START Extracted data

lemma inF_Sub_pact_L0v_iff:
  assumes "1 \<le> n"
  shows "inF 2 (n - 1) (Sub x (pact p (L0v (n - 1)))) \<longleftrightarrow>
    degree (interp x) \<le> n \<and> coeff (interp x) n = p"
proof -
  have "interp (Sub x (pact p (L0v (n - 1)))) = interp x - monom p n"
    using assms by (simp add: interp_Sub interp_pact interp_L0v smult_monom)
  then show ?thesis by (simp only: inF_iff_degree degree_diff_monom_le_pred_iff[OF assms])
qed

lemma leading_coefficient_unique:
  assumes "1 \<le> n" "inF 2 n x"
  shows "\<exists>!p. inF 2 (n - 1) (Sub x (pact p (L0v (n - 1))))"
  unfolding inF_Sub_pact_L0v_iff[OF assms(1)] using assms(2) by (simp add: inF_iff_degree)

lemma Prd_eventually_Zer: "\<exists>B. \<forall>j\<ge>B. ceq 2 (Prd j w u) (Zer :: 'k::field_char_0 ct)"
  using lambda_coeff_eventually_0[of "lprod (interp w) (interp u)"]
  by (auto simp: ceq_iff_interp_eq nprod_def)

lemma Prd_leading_term:
  assumes "1 \<le> n" "1 \<le> m"
    and "inF 2 (n - 1) (Sub u (pact p (L0v (n - 1))))"
    and "inF 2 (m - 1) (Sub w (pact q (L0v (m - 1))))"
  shows "inF 2 (n + m) (Prd j u w) \<and>
    inF 2 (n + m - 1)
      (Sub (Prd j u w) (pact (smult (fact j) (coeff (pvprod p q) j)) (L0v (n + m - 1))))"
proof -
  from assms have U: "degree (interp u) \<le> n" "coeff (interp u) n = p"
    and W: "degree (interp w) \<le> m" "coeff (interp w) m = q"
    by (simp_all only: inF_Sub_pact_L0v_iff)
  have "degree (interp (Prd j u w)) \<le> n + m"
    using degree_nprod[of j "interp u" "interp w"] U W by simp
  moreover have "coeff (interp (Prd j u w)) (n + m) = smult (fact j) (coeff (pvprod p q) j)"
    using coeff_lprod_at_degree_bound[OF U(1) W(1)] U W by (simp add: nprod_def coeff_lambda_coeff)
  moreover have nm: "1 \<le> n + m" using assms(1) by simp
  ultimately show ?thesis
    unfolding inF_Sub_pact_L0v_iff[OF nm] by (simp add: inF_iff_degree)
qed

lemma brk_leading_term:
  assumes "1 \<le> n" "1 \<le> m"
    and "inF 2 (n - 1) (Sub u (pact p (L0v (n - 1))))"
    and "inF 2 (m - 1) (Sub w (pact q (L0v (m - 1))))"
    and "\<forall>j\<ge>B. ceq 2 (Prd j w u) Zer"
  shows "inF 2 (n + m - 1) (brk k B u w) \<and>
    inF 2 (n + m - 2)
      (Sub (brk k B u w) (pact (smult (fact k) (coeff (pvbr n m p q) k)) (L0v (n + m - 2))))"
proof -
  from assms have U: "degree (interp u) \<le> n" "coeff (interp u) n = p"
    and W: "degree (interp w) \<le> m" "coeff (interp w) m = q"
    by (simp_all only: inF_Sub_pact_L0v_iff)
  have coeff_brk: "coeff (interp (brk k B u w)) a =
      smult (fact k) (coeff (coeff (lbracket (interp u) (interp w)) a) k)" for a
    using assms(5) by (simp add: interp_brk coeff_lambda_coeff)
  have "degree (interp (brk k B u w)) \<le> n + m"
    using degree_lbracket[of "interp u" "interp w"] U W
      degree_lambda_coeff_le[of k "lbracket (interp u) (interp w)"]
    by (simp add: interp_brk assms(5))
  then have "degree (interp (brk k B u w)) \<le> n + m - 1"
    by (rule degree_le_pred_if_coeff_eq_0)
      (simp add: coeff_brk coeff_lbracket_at_degree_bound U W)
  moreover have "coeff (interp (brk k B u w)) (n + m - 1) =
      smult (fact k) (coeff (pvbr n m p q) k)"
    unfolding coeff_brk coeff_lbracket_below_degree_bound[OF U(1) W(1) assms(1,2)] U W ..
  moreover have nm: "1 \<le> n + m - 1" using assms(1,2) by simp
  moreover have pred_pred: "n + m - 2 = n + m - 1 - 1" by simp
  ultimately show ?thesis
    unfolding pred_pred inF_Sub_pact_L0v_iff[OF nm] by (simp add: inF_iff_degree)
qed

theorem mainTheorem13:
  shows "(\<forall>n \<ge> 1. inF 2 n (L0v (n - 1) :: 'k::field_char_0 ct) \<and>
           (\<forall>x :: 'k ct. inF 2 n x \<longrightarrow> (\<exists>!p. inF 2 (n - 1) (Sub x (pact p (L0v (n - 1)))))))
   \<and> (\<forall>n m (u :: 'k ct) w p q. 1 \<le> n \<longrightarrow> 1 \<le> m \<longrightarrow> inF 2 n u \<longrightarrow> inF 2 m w \<longrightarrow>
        inF 2 (n - 1) (Sub u (pact p (L0v (n - 1)))) \<longrightarrow>
        inF 2 (m - 1) (Sub w (pact q (L0v (m - 1)))) \<longrightarrow>
        (\<forall>j. inF 2 (n + m) (Prd j u w) \<and>
             inF 2 (n + m - 1) (Sub (Prd j u w)
                 (pact (smult (fact j) (coeff (pvprod p q) j)) (L0v (n + m - 1)))))
      \<and> (\<exists>B. \<forall>j \<ge> B. ceq 2 (Prd j w u) Zer)
      \<and> (\<forall>B. (\<forall>j \<ge> B. ceq 2 (Prd j w u) Zer) \<longrightarrow>
          (\<forall>k. inF 2 (n + m - 1) (brk k B u w) \<and>
               inF 2 (n + m - 2) (Sub (brk k B u w)
                 (pact (smult (fact k) (coeff (pvbr n m p q) k)) (L0v (n + m - 2)))))))"
  by (intro conjI allI impI)
    (assumption | rule inF_L0v leading_coefficient_unique Prd_eventually_Zer
      Prd_leading_term[THEN conjunct1] Prd_leading_term[THEN conjunct2]
      brk_leading_term[THEN conjunct1] brk_leading_term[THEN conjunct2])+

end
lemma measurable_PiM_input_law_iff:
  "measurable (PiM J input_law) N = measurable (PiM J (\<lambda>_. borel)) N"
  by (rule measurable_cong_sets[OF sets_PiM_input_law refl])

lemma measurable_path_law_path_law:
  "measurable path_law path_law = measurable path_space path_space"
  unfolding path_law_def by (rule measurable_cong_sets[OF sets_PiM_input_law sets_PiM_input_law])

lemma space_path_law: "space path_law = UNIV"
  by (simp add: path_law_def space_PiM sets_eq_imp_space_eq[OF sets_input_law])

lemma sets_path_law: "sets path_law = sets path_space"
  by (simp add: path_law_def sets_PiM_input_law)

lemma distr_after_arrival: "distr path_law path_law after_arrival = path_law"
proof -
  have "distr (PiM UNIV input_law) (PiM UNIV (\<lambda>c. input_law (next_input c)))
          (\<lambda>z. \<lambda>c\<in>UNIV. z (next_input c)) = PiM UNIV (\<lambda>c. input_law (next_input c))"
    by (rule distr_PiM_reindex) (auto simp: prob_space_input_law inj_next_input)
  moreover have "(\<lambda>z. \<lambda>c\<in>UNIV. z (next_input c)) = after_arrival"
    by (auto simp: after_arrival_def[abs_def] restrict_def)
  ultimately show ?thesis
    by (simp add: path_law_def input_law_next_input)
qed

lemma measurable_shift_services:
  "shift_services \<in> measurable (PiM (- {arr0, serv0}) input_law) (PiM (- {arr0}) input_law)"
  unfolding shift_services_def
proof (rule measurable_restrict)
  fix c :: input_index
  assume "c \<in> - {arr0}"
  with next_service_ne have "next_service c \<in> - {arr0, serv0}"
    by auto
  from measurable_component_singleton[OF this, of input_law]
  show "(\<lambda>Y. Y (next_service c)) \<in> measurable (PiM (- {arr0, serv0}) input_law) (input_law c)"
    by (simp add: input_law_next_service)
qed

lemma distr_shift_services:
  "distr (PiM (- {arr0, serv0}) input_law) (PiM (- {arr0}) input_law) shift_services =
    PiM (- {arr0}) input_law"
proof -
  have "distr (PiM (- {arr0, serv0}) input_law) (PiM (- {arr0}) (\<lambda>c. input_law (next_service c)))
      shift_services = PiM (- {arr0}) (\<lambda>c. input_law (next_service c))"
    unfolding shift_services_def using next_service_ne
    by (intro distr_PiM_reindex inj_on_subset[OF inj_next_service]) (auto simp: prob_space_input_law)
  then show ?thesis
    by (simp add: input_law_next_service)
qed

lemma path_law_indep_restrict:
  assumes "A \<inter> B = {}" and U: "U \<in> sets (PiM A (\<lambda>_. borel))" and V: "V \<in> sets (PiM B (\<lambda>_. borel))"
  shows "emeasure path_law {z. restrict z A \<in> U \<and> restrict z B \<in> V} =
         emeasure path_law {z. restrict z A \<in> U} * emeasure path_law {z. restrict z B \<in> V}"
proof -
  interpret prob_space path_law by (rule prob_space_path_law)
  have "indep_vars input_law (\<lambda>c z. z c) UNIV"
  proof -
    have "(\<lambda>c. distr path_law (input_law c) (\<lambda>z. z c)) = input_law"
      by (simp add: path_law_def path.PiM_component)
    then show ?thesis
      by (subst indep_vars_iff_distr_eq_PiM) (auto simp: path_law_def restrict_UNIV)
  qed
  then have "indep_var (PiM A input_law) (\<lambda>z. restrict z A) (PiM B input_law) (\<lambda>z. restrict z B)"
    using indep_var_restrict[of input_law "\<lambda>c z. z c" UNIV A B] assms(1) by simp
  from indep_varD[OF this, of U V] U V show ?thesis
    by (simp add: sets_PiM_input_law emeasure_eq_measure ennreal_mult vimage_def space_path_law)
qed
lemma line1_eqD:
  assumes "line1 \<eta> k i = line1 \<eta> k' i'"
  shows "\<eta> ^ (k + i) = \<eta> ^ (k' + i') \<and> \<eta> ^ i = \<eta> ^ i'"
proof -
  have "(\<eta> ^ (k + i), 0, 1, 0) \<in> line1 \<eta> k' i'" "(0, \<eta> ^ i, 0, 1) \<in> line1 \<eta> k' i'"
    unfolding assms[symmetric] by (simp_all add: line1_def)
  then show ?thesis
    by (simp add: line1_def)
qed

lemma line2_eqD:
  assumes "v \<noteq> 0" and "line2 \<eta> v k i = line2 \<eta> v k' i'"
  shows "\<eta> ^ (k + i) = \<eta> ^ (k' + i') \<and> \<eta> ^ i = \<eta> ^ i'"
proof -
  have "(0, v * \<eta> ^ (k + i), 1, 0) \<in> line2 \<eta> v k' i'" "(v * \<eta> ^ i, 0, 0, 1) \<in> line2 \<eta> v k' i'"
    unfolding assms(2)[symmetric] by (simp_all add: line2_def)
  then show ?thesis
    using assms(1) by (simp add: line2_def)
qed

locale primitive_root_of_unity =
  fixes d :: nat and \<eta> :: complex
  assumes order_pos: "0 < d"
    and power_order: "\<eta> ^ d = 1"
    and power_ne_one: "\<forall>j. 0 < j \<and> j < d \<longrightarrow> \<eta> ^ j \<noteq> 1"
begin

lemma power_eq_power_iff_less: "a < d \<Longrightarrow> b < d \<Longrightarrow> \<eta> ^ a = \<eta> ^ b \<longleftrightarrow> a = b"
  using power_eq_power_iff_mod[OF order_pos power_order power_ne_one] by simp

lemma power_add_eq_power_add_iff:
  "\<eta> ^ (k + i) = \<eta> ^ (k' + i') \<longleftrightarrow> phi_plus d (k, i) = phi_plus d (k', i')"
  using power_eq_power_iff_mod[OF order_pos power_order power_ne_one]
  by (simp add: phi_plus_def add.commute)

lemma disjnt_line0_iff_less:
  "k < d \<Longrightarrow> i < d \<Longrightarrow> k' < d \<Longrightarrow> i' < d \<Longrightarrow>
    disjnt (line0 \<eta> k i) (line0 \<eta> k' i') \<longleftrightarrow> k \<noteq> k' \<and> i \<noteq> i'"
  by (simp add: disjnt_line0_iff power_eq_power_iff_less)

lemma disjnt_line1_iff_less:
  "i < d \<Longrightarrow> i' < d \<Longrightarrow>
    disjnt (line1 \<eta> k i) (line1 \<eta> k' i') \<longleftrightarrow> phi_plus d (k, i) \<noteq> phi_plus d (k', i') \<and> i \<noteq> i'"
  by (simp add: disjnt_line1_iff power_add_eq_power_add_iff power_eq_power_iff_less)

lemma disjnt_line2_iff_less:
  "v \<noteq> 0 \<Longrightarrow> i < d \<Longrightarrow> i' < d \<Longrightarrow>
    disjnt (line2 \<eta> v k i) (line2 \<eta> v k' i') \<longleftrightarrow> phi_plus d (k, i) \<noteq> phi_plus d (k', i') \<and> i \<noteq> i'"
  by (simp add: disjnt_line2_iff power_add_eq_power_add_iff power_eq_power_iff_less)

lemma inj_on_line0: "inj_on (case_prod (line0 \<eta>)) ({..<d} \<times> {..<d})"
  by (rule inj_onI) (auto dest!: line0_eqD simp: power_eq_power_iff_less)
(* Let $F(\xi,p)=(\sigma(\xi),f_{\xi_0}(p))$ be a step skew-product on $\Sigma_N\times I$, $I=[0,1]$, with $f_i$ $C^1$-diffeomorphisms onto their images, and let $\mathcal I_P,\mathcal I_R,A,\Sigma_A,\sigma_A,\pi$, $\overline{\,\cdot\,}$ be as in the context. Let $R(x)=1-x$ and let $G(\omega,x)=(\sigma_A(\omega),g_{\omega_0}(x))$ on $\Sigma_A\times I$ with $g_i=f_i$, $g_{i+N}=R\circ f_i\circ R$ for $i\in\mathcal I_P$ and $g_i=R\circ f_i$, $g_{i+N}=f_i\circ R$ for $i\in\mathcal I_R$. Let $C=\{\omega\in\Sigma_A\colon\omega_0\in\{1,\ldots,N\}\}$ and define $\Pi\colon\Sigma_A\times I\to\Sigma_N\times I$ by $\Pi(\omega,x)=(\pi(\omega),x)$ if $\omega\in C$ and $\Pi(\omega,x)=(\pi(\omega),R(x))$ otherwise. Then $\Pi$ is a two-to-one semi-conjugation between $G$ and $F$, i.e. $\Pi$ is continuous, surjective, every point has exactly two preimages, and $\Pi\circ G=F\circ\Pi$.
   Context: $\mathcal I_P$ (resp. $\mathcal I_R$) is the set of $i$ such that $f_i$ preserves (resp. reverses) orientation. $A=(a_{ij})_{i,j=1}^{2N}$ with $a_{ij}=1$ if ($i\in\mathcal I_P$, $j\le N$), or ($i\in\mathcal I_R$, $j>N$), or ($i-N\in\mathcal I_P$, $j>N$), or ($i-N\in\mathcal I_R$, $j\le N$), and $a_{ij}=0$ otherwise. $\Sigma_A$ is the set of sequences $\omega\in\{1,\ldots,2N\}^{\mathbb Z}$ with $a_{\omega_n\omega_{n+1}}=1$ for all $n$, $\sigma_A$ its shift; $\overline i=i$ for $i\le N$, $\overline i=i-N$ for $i>N$; $\pi(\omega)_n=\overline{\omega_n}$. *)

theory Defs
  imports "HOL-Analysis.Analysis"
begin

definition Sigma_full :: "nat \<Rightarrow> (int \<Rightarrow> nat) set" where
  "Sigma_full N = {\<xi>. \<forall>n. \<xi> n \<in> {1..N}}"

definition shift :: "(int \<Rightarrow> nat) \<Rightarrow> (int \<Rightarrow> nat)" where
  "shift \<xi> = (\<lambda>n. \<xi> (n + 1))"

definition seq_top :: "(int \<Rightarrow> nat) topology" where
  "seq_top = product_topology (\<lambda>_. discrete_topology (UNIV::nat set)) UNIV"

definition C1_diffeo_onto_image :: "(real \<Rightarrow> real) \<Rightarrow> bool" where
  "C1_diffeo_onto_image f \<longleftrightarrow>
     (\<exists>f'. (\<forall>x\<in>{0..1}. (f has_real_derivative f' x) (at x within {0..1}))
          \<and> continuous_on {0..1} f' \<and> (\<forall>x\<in>{0..1}. f' x \<noteq> 0))
     \<and> inj_on f {0..1}"

definition orient_pres :: "(real \<Rightarrow> real) \<Rightarrow> bool" where
  "orient_pres f \<longleftrightarrow> (\<forall>x\<in>{0..1}. \<forall>y\<in>{0..1}. x < y \<longrightarrow> f x < f y)"

definition orient_rev :: "(real \<Rightarrow> real) \<Rightarrow> bool" where
  "orient_rev f \<longleftrightarrow> (\<forall>x\<in>{0..1}. \<forall>y\<in>{0..1}. x < y \<longrightarrow> f y < f x)"

definition IP :: "nat \<Rightarrow> (nat \<Rightarrow> real \<Rightarrow> real) \<Rightarrow> nat set" where
  "IP N f = {i\<in>{1..N}. orient_pres (f i)}"

definition IR :: "nat \<Rightarrow> (nat \<Rightarrow> real \<Rightarrow> real) \<Rightarrow> nat set" where
  "IR N f = {i\<in>{1..N}. orient_rev (f i)}"

definition amat :: "nat \<Rightarrow> (nat \<Rightarrow> real \<Rightarrow> real) \<Rightarrow> nat \<Rightarrow> nat \<Rightarrow> nat" where
  "amat N f i j =
     (if (i \<in> IP N f \<and> j \<le> N) \<or> (i \<in> IR N f \<and> j > N)
         \<or> (i > N \<and> i - N \<in> IP N f \<and> j > N) \<or> (i > N \<and> i - N \<in> IR N f \<and> j \<le> N)
      then 1 else 0)"
(* Let $(R,\mathfrak{m})$ be a Noetherian local ring and let $J\subseteq I$ be two ideals of $R$. Let $x_1,\ldots,x_s$ be a minimal generating set of $J$. Write $J_0=0$ and $J_i=(x_1,\ldots,x_i)$ for $i=1,\ldots,s$. Let $n\geq 2$. Then the following are equivalent: (i) $H_1(x_1t,\ldots,x_it;\mathbf{R}(I))_n=0$ for all $i=1,\ldots,s$; (ii) $\big((J_{i-1}I^{n-1}:x_i)\cap I^{n-1}\big)/J_{i-1}I^{n-2}=0$ for all $i=1,\ldots,s$. Suppose in addition that $x_1,\ldots,x_s$ is an $R$-sequence and that $x_1^*,\ldots,x_{s-1}^*$ is a $\mathbf{G}(I)$-sequence. Then $H_1(x_1t,\ldots,x_it;\mathbf{R}(I))_n=0$ for all $n\geq 2$ and all $i=1,\ldots,s$.
   Context: $\mathbf{R}(I)=\bigoplus_{n\geq0}I^nt^n$ is the Rees algebra, $\mathbf{G}(I)=\bigoplus_{n\geq0}I^n/I^{n+1}$ the associated graded ring, and $x_i^*$ the class of $x_i$ in $I/I^2$; $I^0=R$. For degree-one elements $z_1,\ldots,z_m$ of $U=\mathbf{R}(I)$, $H_1(z_1,\ldots,z_m;U)_n$ is the first homology of the degree-$n$ strand of the Koszul complex $\wedge_2(R^m)\otimes U_{n-2}\to\wedge_1(R^m)\otimes U_{n-1}\to U_n$, with differentials $e_i\wedge e_j\otimes u\mapsto e_j\otimes z_iu-e_i\otimes z_ju$ and $e_i\otimes v\mapsto z_iv$. *)

theory Defs
  imports Main
begin

definition is_ideal :: "'a::comm_ring_1 set \<Rightarrow> bool" where
  "is_ideal K \<longleftrightarrow> 0 \<in> K \<and> (\<forall>a\<in>K. \<forall>b\<in>K. a + b \<in> K) \<and> (\<forall>r. \<forall>a\<in>K. r * a \<in> K)"

definition ideal_gen :: "'a::comm_ring_1 set \<Rightarrow> 'a set" where
  "ideal_gen S = \<Inter>{K. is_ideal K \<and> S \<subseteq> K}"

definition ideal_mult :: "'a::comm_ring_1 set \<Rightarrow> 'a set \<Rightarrow> 'a set" where
  "ideal_mult A B = ideal_gen {a * b | a b. a \<in> A \<and> b \<in> B}"

primrec ideal_pow :: "'a::comm_ring_1 set \<Rightarrow> nat \<Rightarrow> 'a set" where
  "ideal_pow I 0 = UNIV"
| "ideal_pow I (Suc n) = ideal_mult I (ideal_pow I n)"

definition colon_ideal :: "'a::comm_ring_1 set \<Rightarrow> 'a \<Rightarrow> 'a set" where
  "colon_ideal K x = {r. r * x \<in> K}"

definition maximal_ideal :: "'a::comm_ring_1 set \<Rightarrow> bool" where
  "maximal_ideal M \<longleftrightarrow> is_ideal M \<and> M \<noteq> UNIV \<and>
     (\<forall>K. is_ideal K \<and> M \<subseteq> K \<longrightarrow> K = M \<or> K = UNIV)"

definition local_ring :: "'a::comm_ring_1 itself \<Rightarrow> bool" where
  "local_ring _ \<longleftrightarrow> (\<exists>!M::'a set. maximal_ideal M)"

definition noetherian_ring :: "'a::comm_ring_1 itself \<Rightarrow> bool" where
  "noetherian_ring _ \<longleftrightarrow> (\<forall>K::'a set. is_ideal K \<longrightarrow> (\<exists>S. finite S \<and> K = ideal_gen S))"

definition minimal_gens :: "(nat \<Rightarrow> 'a::comm_ring_1) \<Rightarrow> nat \<Rightarrow> 'a set \<Rightarrow> bool" where
  "minimal_gens x s J \<longleftrightarrow> J = ideal_gen (x ` {1..s}) \<and>
     (\<forall>S. finite S \<and> J = ideal_gen S \<longrightarrow> s \<le> card S)"

definition regular_seq :: "(nat \<Rightarrow> 'a::comm_ring_1) \<Rightarrow> nat \<Rightarrow> bool" where
  "regular_seq x s \<longleftrightarrow>
     (\<forall>i\<in>{1..s}. \<forall>r. r * x i \<in> ideal_gen (x ` {1..<i}) \<longrightarrow> r \<in> ideal_gen (x ` {1..<i})) \<and>
     (s > 0 \<longrightarrow> ideal_gen (x ` {1..s}) \<noteq> UNIV)"

text \<open>Vanishing of H_1(x_1 t, ..., x_i t; R(I))_n, n \<ge> 2. The degree-n strand of the Koszul
  complex is  \<wedge>_2(R^i) \<otimes> I^(n-2) t^(n-2) \<rightarrow> R^i \<otimes> I^(n-1) t^(n-1) \<rightarrow> I^n t^n; we identify
  a t^k with a. A 1-cycle is v = (v_1..v_i), v_l \<in> I^(n-1), with sum x_l v_l = 0; a boundary
  is the image of sum_{j<k} e_j\<wedge>e_k \<otimes> u_jk (u_jk \<in> I^(n-2)), whose l-th component is
  sum_{j<l} x_j u_jl - sum_{k>l} x_k u_lk.\<close>
definition koszul_H1_zero ::
  "'a::comm_ring_1 set \<Rightarrow> (nat \<Rightarrow> 'a) \<Rightarrow> nat \<Rightarrow> nat \<Rightarrow> bool" where
  "koszul_H1_zero I x i n \<longleftrightarrow>
     (\<forall>v. (\<forall>l\<in>{1..i}. v l \<in> ideal_pow I (n - 1)) \<and> (\<Sum>l\<in>{1..i}. x l * v l) = 0 \<longrightarrow>
        (\<exists>u. (\<forall>j\<in>{1..i}. \<forall>k\<in>{1..i}. j < k \<longrightarrow> u j k \<in> ideal_pow I (n - 2)) \<and>
             (\<forall>l\<in>{1..i}. v l = (\<Sum>j\<in>{1..<l}. x j * u j l) - (\<Sum>k\<in>{l<..i}. x k * u l k))))"

text \<open>The associated graded ring G(I) = \<oplus> I^n/I^(n+1), via representatives:
  a representative is f with f n \<in> I^n and finite support; two representatives
  are equal in G(I) iff f n - g n \<in> I^(n+1) for all n.\<close>
definition gr_rep :: "'a::comm_ring_1 set \<Rightarrow> (nat \<Rightarrow> 'a) \<Rightarrow> bool" where
  "gr_rep I f \<longleftrightarrow> (\<forall>n. f n \<in> ideal_pow I n) \<and> finite {n. f n \<noteq> 0}"

definition gr_eq :: "'a::comm_ring_1 set \<Rightarrow> (nat \<Rightarrow> 'a) \<Rightarrow> (nat \<Rightarrow> 'a) \<Rightarrow> bool" where
  "gr_eq I f g \<longleftrightarrow> (\<forall>n. f n - g n \<in> ideal_pow I (Suc n))"

definition gr_mul :: "(nat \<Rightarrow> 'a::comm_ring_1) \<Rightarrow> (nat \<Rightarrow> 'a) \<Rightarrow> nat \<Rightarrow> 'a" where
  "gr_mul f g = (\<lambda>n. \<Sum>k\<le>n. f k * g (n - k))"

text \<open>x^*: the class of x in I/I^2 (homogeneous of degree one).\<close>
definition gr_star :: "'a::comm_ring_1 \<Rightarrow> nat \<Rightarrow> 'a" where
  "gr_star a = (\<lambda>n. if n = 1 then a else 0)"

definition gr_one :: "nat \<Rightarrow> 'a::comm_ring_1" where
  "gr_one = (\<lambda>n. if n = 0 then 1 else 0)"

definition gr_ideal :: "'a::comm_ring_1 set \<Rightarrow> (nat \<Rightarrow> 'a) \<Rightarrow> nat \<Rightarrow> (nat \<Rightarrow> 'a) set" where
  "gr_ideal I y k = {h. gr_rep I h \<and>
     (\<exists>g. (\<forall>j\<in>{1..k}. gr_rep I (g j)) \<and>
          gr_eq I h (\<lambda>n. \<Sum>j\<in>{1..k}. gr_mul (gr_star (y j)) (g j) n))}"

definition gr_regular_seq :: "'a::comm_ring_1 set \<Rightarrow> (nat \<Rightarrow> 'a) \<Rightarrow> nat \<Rightarrow> bool" where
  "gr_regular_seq I y k \<longleftrightarrow>
     (\<forall>i\<in>{1..k}. \<forall>g. gr_rep I g \<and> gr_mul (gr_star (y i)) g \<in> gr_ideal I y (i - 1)
         \<longrightarrow> g \<in> gr_ideal I y (i - 1)) \<and>
     (k > 0 \<longrightarrow> gr_one \<notin> gr_ideal I y k)"

end

theory Submission
  imports Defs
begin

END Extracted data

- _Work item_:
Using the data above, reproduce exactly the lines between those holding "are equal in" and "f g \<longleftrightarrow>", inclusive, and no others.

- _Final answer_:
  are equal in G(I) iff f n - g n \<in> I^(n+1) for all n.\<close>
definition gr_rep :: "'a::comm_ring_1 set \<Rightarrow> (nat \<Rightarrow> 'a) \<Rightarrow> bool" where
  "gr_rep I f \<longleftrightarrow> (\<forall>n. f n \<in> ideal_pow I n) \<and> finite {n. f n \<noteq> 0}"

definition gr_eq :: "'a::comm_ring_1 set \<Rightarrow> (nat \<Rightarrow> 'a) \<Rightarrow> (nat \<Rightarrow> 'a) \<Rightarrow> bool" where
  "gr_eq I f g \<longleftrightarrow> (\<forall>n. f n - g n \<in> ideal_pow I (Suc n))"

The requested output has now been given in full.